◆ **Work item**
Return only the lines from the top of the material through the line marked by "text \<open>Let S", unaltered.

◆ **Entries provided**

== Segment start ==

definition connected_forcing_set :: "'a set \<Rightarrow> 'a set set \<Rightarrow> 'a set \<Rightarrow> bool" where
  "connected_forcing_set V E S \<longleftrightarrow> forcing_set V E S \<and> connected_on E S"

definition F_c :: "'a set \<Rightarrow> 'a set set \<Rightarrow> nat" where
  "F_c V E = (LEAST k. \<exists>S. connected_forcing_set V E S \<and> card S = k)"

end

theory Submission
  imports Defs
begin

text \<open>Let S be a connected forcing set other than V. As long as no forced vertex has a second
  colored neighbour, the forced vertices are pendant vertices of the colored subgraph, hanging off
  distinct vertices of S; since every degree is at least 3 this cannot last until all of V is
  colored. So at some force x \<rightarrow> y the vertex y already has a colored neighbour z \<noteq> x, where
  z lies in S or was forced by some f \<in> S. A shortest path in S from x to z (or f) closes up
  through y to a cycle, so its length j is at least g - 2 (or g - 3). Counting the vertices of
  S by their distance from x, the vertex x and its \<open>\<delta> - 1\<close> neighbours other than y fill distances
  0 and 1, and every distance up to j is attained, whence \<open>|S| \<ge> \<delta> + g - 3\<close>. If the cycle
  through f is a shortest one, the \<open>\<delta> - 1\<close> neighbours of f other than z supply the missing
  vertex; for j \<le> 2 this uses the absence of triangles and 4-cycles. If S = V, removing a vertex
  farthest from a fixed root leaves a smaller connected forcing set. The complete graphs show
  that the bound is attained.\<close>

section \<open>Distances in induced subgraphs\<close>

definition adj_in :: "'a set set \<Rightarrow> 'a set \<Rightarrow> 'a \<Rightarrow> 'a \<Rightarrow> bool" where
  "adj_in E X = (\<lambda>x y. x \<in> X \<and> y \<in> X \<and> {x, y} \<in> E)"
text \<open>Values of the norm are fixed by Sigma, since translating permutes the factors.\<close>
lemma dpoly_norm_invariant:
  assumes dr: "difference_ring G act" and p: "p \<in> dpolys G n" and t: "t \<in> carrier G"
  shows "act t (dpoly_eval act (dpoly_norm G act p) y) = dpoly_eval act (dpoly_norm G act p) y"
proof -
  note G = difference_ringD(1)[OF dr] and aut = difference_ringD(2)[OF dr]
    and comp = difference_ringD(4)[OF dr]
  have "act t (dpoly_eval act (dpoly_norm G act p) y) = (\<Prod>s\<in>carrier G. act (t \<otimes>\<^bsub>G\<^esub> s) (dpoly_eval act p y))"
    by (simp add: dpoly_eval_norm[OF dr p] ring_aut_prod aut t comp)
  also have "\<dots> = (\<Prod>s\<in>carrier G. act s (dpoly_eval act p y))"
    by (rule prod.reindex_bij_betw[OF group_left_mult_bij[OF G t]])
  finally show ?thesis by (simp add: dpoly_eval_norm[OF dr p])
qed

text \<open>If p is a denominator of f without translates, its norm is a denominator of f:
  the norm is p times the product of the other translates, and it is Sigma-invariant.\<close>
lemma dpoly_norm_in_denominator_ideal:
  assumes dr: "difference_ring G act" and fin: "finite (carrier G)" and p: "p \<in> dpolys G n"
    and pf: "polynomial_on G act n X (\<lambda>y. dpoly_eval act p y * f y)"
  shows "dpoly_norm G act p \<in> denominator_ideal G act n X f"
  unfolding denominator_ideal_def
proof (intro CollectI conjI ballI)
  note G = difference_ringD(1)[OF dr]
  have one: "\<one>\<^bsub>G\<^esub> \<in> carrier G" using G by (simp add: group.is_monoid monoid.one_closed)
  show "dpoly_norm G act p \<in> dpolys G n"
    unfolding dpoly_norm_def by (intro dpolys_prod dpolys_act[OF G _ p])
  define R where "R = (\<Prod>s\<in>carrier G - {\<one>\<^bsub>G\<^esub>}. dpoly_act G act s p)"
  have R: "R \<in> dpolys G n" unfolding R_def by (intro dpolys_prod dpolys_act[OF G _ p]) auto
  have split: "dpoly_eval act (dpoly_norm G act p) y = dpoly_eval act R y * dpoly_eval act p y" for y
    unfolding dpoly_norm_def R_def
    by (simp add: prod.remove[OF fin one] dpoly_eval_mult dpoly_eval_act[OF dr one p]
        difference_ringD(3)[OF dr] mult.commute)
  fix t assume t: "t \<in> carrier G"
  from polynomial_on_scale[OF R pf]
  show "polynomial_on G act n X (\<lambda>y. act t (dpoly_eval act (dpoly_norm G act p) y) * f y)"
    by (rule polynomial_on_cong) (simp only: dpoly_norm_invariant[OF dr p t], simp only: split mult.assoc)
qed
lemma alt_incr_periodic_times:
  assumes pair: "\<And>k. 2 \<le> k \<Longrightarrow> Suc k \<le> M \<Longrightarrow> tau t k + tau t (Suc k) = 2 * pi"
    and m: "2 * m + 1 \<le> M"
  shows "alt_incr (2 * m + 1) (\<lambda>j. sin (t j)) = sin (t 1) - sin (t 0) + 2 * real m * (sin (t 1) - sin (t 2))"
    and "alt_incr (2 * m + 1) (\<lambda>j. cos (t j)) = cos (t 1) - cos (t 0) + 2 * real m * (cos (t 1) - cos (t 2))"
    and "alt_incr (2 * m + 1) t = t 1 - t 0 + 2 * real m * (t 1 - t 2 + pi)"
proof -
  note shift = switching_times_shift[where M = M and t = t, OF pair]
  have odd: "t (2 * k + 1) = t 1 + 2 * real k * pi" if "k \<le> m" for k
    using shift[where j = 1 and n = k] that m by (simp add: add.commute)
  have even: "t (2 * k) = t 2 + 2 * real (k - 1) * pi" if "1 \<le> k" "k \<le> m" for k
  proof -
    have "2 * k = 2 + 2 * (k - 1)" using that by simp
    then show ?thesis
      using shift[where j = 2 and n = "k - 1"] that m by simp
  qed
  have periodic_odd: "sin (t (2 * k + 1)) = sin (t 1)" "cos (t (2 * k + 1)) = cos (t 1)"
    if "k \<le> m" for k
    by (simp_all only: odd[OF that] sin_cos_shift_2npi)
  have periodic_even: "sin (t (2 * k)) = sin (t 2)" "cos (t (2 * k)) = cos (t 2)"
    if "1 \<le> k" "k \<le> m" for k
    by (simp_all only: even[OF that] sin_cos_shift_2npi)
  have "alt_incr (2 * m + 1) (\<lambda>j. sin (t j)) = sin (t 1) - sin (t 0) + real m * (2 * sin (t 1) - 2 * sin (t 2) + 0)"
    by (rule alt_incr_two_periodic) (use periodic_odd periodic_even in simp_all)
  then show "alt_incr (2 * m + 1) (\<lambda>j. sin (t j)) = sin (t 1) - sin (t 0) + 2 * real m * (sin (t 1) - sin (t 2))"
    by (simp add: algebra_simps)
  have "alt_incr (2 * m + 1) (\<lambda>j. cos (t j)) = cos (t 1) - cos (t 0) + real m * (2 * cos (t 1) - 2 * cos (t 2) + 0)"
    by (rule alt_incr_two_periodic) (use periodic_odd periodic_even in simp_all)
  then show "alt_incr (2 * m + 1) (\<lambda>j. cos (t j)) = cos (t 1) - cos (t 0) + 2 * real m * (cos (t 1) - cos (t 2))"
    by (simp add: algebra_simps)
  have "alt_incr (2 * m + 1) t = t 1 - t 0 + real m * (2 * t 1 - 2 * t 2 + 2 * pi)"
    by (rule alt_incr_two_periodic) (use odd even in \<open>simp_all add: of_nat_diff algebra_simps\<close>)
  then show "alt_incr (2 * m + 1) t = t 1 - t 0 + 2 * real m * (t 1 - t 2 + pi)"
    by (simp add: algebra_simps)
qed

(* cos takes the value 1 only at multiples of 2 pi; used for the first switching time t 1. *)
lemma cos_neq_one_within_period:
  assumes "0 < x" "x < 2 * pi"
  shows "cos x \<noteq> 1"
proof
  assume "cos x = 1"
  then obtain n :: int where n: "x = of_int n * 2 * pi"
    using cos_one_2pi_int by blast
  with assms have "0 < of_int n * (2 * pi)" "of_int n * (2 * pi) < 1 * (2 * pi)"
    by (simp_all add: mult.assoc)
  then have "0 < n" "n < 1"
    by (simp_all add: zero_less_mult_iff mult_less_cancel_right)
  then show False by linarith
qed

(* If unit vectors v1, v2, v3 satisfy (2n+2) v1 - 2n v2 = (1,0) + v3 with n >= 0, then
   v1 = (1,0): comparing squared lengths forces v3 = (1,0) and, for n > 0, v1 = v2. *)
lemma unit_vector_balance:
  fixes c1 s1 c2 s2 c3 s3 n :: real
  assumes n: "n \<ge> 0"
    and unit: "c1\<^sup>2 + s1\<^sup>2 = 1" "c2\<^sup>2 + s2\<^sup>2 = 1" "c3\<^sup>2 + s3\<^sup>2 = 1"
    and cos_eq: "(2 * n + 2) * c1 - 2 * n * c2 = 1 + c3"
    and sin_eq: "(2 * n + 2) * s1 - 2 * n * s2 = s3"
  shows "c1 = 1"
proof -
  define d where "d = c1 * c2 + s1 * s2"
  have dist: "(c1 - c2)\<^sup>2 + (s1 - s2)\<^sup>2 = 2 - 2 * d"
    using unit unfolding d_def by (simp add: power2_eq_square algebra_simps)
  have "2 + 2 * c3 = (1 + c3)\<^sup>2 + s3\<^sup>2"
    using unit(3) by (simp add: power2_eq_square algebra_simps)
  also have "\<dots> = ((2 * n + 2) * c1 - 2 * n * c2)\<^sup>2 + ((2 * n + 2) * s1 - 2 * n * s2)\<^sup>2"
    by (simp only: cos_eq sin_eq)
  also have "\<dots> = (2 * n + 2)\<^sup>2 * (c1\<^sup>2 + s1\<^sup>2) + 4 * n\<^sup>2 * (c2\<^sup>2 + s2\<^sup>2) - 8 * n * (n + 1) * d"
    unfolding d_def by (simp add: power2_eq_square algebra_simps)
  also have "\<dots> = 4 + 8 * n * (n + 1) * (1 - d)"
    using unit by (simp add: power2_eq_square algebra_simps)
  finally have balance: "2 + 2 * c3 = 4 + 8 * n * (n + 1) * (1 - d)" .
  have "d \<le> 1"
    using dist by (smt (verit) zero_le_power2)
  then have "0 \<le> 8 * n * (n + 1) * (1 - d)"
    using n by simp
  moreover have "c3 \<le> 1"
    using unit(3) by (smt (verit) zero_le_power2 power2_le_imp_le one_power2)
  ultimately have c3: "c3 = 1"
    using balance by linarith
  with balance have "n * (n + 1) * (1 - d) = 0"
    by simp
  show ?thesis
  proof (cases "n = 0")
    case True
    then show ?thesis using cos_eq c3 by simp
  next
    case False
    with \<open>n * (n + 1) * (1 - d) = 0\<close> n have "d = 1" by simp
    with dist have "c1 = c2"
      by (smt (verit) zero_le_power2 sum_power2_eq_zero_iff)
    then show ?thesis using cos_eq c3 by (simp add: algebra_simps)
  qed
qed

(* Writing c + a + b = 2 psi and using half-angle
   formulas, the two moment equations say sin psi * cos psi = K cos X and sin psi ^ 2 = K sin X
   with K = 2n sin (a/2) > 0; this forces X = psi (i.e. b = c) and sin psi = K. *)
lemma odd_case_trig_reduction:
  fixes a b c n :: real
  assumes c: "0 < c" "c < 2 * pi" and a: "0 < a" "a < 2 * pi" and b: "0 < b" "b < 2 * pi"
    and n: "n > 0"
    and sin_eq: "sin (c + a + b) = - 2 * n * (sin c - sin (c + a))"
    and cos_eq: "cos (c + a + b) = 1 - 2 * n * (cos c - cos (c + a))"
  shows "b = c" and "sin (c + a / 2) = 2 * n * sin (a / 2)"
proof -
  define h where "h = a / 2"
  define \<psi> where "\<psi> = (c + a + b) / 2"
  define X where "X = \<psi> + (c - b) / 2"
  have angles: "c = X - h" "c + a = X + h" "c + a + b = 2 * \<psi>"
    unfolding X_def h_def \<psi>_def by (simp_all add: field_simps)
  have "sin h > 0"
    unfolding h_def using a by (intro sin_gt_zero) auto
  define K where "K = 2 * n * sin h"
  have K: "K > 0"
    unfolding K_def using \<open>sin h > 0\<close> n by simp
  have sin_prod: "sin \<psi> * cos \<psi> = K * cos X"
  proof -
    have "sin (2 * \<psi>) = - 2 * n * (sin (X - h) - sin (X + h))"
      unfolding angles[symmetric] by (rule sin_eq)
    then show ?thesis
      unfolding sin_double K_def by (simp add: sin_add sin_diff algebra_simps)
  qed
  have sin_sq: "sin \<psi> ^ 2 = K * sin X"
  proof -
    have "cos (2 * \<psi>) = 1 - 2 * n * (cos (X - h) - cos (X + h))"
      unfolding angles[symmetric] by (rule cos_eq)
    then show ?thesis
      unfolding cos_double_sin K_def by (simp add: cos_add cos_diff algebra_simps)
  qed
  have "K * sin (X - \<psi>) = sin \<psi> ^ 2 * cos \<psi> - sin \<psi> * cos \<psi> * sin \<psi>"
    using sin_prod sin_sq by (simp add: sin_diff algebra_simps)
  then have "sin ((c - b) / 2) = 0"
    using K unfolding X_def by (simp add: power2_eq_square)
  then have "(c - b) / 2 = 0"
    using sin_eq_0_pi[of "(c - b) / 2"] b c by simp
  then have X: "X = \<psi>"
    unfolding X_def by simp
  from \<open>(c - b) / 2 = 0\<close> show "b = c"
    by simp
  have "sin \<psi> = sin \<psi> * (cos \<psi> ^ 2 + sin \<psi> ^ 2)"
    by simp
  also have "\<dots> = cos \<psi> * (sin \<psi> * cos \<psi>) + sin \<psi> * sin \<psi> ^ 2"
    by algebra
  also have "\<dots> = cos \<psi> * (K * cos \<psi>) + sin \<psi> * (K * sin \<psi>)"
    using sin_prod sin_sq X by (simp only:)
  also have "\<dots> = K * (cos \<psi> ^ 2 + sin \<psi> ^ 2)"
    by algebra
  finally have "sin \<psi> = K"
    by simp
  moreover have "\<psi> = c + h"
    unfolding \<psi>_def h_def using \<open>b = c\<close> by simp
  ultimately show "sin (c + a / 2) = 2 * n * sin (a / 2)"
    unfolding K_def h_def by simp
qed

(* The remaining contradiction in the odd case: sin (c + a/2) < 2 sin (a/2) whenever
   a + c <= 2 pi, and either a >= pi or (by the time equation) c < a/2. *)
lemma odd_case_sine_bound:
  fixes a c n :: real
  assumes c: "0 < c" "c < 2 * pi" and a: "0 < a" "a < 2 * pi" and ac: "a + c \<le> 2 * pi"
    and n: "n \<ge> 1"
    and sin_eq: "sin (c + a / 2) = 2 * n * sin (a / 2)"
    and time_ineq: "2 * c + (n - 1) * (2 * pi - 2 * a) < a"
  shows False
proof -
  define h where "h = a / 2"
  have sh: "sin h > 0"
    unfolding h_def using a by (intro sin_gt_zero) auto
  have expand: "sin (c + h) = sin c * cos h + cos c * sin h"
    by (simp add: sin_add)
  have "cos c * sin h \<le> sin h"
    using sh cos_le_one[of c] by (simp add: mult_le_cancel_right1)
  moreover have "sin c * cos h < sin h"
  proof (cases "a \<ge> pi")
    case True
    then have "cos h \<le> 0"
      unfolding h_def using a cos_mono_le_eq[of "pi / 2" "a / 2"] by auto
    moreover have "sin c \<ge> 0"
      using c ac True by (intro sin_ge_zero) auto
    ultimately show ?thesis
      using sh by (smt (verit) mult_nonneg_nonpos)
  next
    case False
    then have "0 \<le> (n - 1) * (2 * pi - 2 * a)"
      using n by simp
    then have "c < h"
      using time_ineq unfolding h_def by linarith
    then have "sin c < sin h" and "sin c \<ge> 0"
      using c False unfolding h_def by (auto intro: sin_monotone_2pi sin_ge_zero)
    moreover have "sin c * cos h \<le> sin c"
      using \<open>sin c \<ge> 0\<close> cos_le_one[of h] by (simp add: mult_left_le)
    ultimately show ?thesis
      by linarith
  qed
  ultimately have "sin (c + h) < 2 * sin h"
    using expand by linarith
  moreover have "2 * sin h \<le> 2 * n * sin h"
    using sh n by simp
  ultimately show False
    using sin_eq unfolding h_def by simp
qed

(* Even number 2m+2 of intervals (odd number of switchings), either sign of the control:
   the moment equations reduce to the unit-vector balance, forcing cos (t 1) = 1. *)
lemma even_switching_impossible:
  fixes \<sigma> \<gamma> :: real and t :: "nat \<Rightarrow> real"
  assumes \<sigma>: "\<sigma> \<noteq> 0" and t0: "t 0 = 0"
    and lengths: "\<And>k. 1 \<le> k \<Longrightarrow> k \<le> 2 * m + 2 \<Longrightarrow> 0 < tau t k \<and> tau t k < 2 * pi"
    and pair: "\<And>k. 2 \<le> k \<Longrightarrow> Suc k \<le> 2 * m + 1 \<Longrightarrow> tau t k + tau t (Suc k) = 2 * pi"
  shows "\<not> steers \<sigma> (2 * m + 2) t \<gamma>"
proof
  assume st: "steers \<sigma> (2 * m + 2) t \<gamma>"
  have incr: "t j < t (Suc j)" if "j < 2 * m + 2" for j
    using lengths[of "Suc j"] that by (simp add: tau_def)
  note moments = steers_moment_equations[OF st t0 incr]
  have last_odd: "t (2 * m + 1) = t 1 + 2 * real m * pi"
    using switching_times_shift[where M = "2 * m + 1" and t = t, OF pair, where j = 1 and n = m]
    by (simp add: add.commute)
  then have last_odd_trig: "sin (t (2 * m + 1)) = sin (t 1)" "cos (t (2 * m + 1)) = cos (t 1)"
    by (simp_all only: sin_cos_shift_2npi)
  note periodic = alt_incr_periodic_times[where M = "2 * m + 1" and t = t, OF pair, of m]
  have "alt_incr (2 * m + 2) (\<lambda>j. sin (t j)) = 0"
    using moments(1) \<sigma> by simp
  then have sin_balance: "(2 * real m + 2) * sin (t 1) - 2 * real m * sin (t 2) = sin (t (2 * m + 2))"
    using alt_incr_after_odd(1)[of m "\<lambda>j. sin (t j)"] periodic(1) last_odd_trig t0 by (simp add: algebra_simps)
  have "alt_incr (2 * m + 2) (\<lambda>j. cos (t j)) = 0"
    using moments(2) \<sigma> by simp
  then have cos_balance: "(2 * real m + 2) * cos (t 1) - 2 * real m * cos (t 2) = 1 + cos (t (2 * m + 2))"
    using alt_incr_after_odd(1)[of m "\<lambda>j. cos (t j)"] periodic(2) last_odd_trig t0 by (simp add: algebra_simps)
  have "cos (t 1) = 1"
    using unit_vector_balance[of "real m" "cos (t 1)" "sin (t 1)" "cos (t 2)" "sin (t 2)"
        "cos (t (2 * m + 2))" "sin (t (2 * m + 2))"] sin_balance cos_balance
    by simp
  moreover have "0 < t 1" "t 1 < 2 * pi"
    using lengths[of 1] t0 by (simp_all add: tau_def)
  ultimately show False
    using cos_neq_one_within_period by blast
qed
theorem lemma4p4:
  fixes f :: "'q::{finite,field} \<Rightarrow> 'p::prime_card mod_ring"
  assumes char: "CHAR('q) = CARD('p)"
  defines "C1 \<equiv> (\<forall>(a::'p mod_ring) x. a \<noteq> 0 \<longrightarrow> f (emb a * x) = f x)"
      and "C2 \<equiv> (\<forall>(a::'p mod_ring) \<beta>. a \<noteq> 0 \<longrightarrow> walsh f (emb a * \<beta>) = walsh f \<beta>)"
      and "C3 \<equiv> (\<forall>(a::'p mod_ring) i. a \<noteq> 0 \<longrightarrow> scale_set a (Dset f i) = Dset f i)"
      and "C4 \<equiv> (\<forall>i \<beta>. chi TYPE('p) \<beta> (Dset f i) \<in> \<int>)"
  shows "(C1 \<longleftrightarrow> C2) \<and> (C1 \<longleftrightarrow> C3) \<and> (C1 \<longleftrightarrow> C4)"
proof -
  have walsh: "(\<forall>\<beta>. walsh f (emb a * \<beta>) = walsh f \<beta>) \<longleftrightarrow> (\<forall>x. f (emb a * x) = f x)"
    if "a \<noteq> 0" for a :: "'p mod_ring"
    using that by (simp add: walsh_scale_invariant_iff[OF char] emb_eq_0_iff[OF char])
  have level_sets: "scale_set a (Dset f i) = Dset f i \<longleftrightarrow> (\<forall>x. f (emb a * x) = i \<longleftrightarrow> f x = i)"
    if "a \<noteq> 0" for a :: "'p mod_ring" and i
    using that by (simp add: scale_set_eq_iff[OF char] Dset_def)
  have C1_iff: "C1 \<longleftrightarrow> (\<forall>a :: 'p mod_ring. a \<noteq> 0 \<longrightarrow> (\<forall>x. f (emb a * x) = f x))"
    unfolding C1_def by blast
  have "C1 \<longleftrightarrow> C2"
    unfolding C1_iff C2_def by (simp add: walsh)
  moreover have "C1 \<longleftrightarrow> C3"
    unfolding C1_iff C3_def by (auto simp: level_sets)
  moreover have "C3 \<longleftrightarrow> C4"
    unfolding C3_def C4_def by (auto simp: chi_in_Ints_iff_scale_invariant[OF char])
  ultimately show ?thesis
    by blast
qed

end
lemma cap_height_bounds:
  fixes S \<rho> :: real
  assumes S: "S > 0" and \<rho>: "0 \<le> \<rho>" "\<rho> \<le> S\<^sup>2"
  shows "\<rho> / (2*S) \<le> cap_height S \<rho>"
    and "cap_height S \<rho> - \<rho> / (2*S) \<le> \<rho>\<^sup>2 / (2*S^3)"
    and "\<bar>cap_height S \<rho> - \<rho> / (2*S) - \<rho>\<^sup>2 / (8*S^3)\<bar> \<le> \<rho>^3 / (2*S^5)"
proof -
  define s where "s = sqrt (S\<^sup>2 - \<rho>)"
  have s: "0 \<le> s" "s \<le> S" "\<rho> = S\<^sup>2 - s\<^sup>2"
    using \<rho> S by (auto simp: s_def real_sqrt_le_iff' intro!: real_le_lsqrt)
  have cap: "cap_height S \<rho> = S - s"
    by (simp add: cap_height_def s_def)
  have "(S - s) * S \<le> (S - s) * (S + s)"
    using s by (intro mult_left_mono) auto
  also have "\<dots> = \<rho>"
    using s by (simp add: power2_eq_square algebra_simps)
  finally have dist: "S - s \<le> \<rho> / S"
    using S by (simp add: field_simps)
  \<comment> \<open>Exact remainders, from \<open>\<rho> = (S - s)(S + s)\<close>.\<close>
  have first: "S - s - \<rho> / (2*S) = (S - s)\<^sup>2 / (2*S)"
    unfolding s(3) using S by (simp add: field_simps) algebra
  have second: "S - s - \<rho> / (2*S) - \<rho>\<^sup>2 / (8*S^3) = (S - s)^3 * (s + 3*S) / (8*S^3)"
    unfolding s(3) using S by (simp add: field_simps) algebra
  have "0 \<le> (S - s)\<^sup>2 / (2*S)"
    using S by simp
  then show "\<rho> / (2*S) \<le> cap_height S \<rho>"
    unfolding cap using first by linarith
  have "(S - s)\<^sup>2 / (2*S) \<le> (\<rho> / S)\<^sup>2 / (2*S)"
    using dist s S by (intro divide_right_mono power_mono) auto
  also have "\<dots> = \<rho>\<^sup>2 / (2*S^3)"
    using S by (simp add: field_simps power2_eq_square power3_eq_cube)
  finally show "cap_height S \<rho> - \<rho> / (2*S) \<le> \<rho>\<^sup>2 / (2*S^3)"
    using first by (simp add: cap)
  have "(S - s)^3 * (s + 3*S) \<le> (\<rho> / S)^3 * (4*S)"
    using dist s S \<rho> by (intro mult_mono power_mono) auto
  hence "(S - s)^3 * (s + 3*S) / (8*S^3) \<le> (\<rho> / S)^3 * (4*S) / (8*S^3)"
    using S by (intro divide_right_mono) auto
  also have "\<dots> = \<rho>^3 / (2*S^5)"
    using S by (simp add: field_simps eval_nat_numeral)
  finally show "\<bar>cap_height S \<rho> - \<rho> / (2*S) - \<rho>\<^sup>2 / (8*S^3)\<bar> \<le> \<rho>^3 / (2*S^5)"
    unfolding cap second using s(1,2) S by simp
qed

== Segment end ==

◆ **Answer to this exercise**
definition connected_forcing_set :: "'a set \<Rightarrow> 'a set set \<Rightarrow> 'a set \<Rightarrow> bool" where
  "connected_forcing_set V E S \<longleftrightarrow> forcing_set V E S \<and> connected_on E S"

definition F_c :: "'a set \<Rightarrow> 'a set set \<Rightarrow> nat" where
  "F_c V E = (LEAST k. \<exists>S. connected_forcing_set V E S \<and> card S = k)"

end

theory Submission
  imports Defs
begin

text \<open>Let S be a connected forcing set other than V. As long as no forced vertex has a second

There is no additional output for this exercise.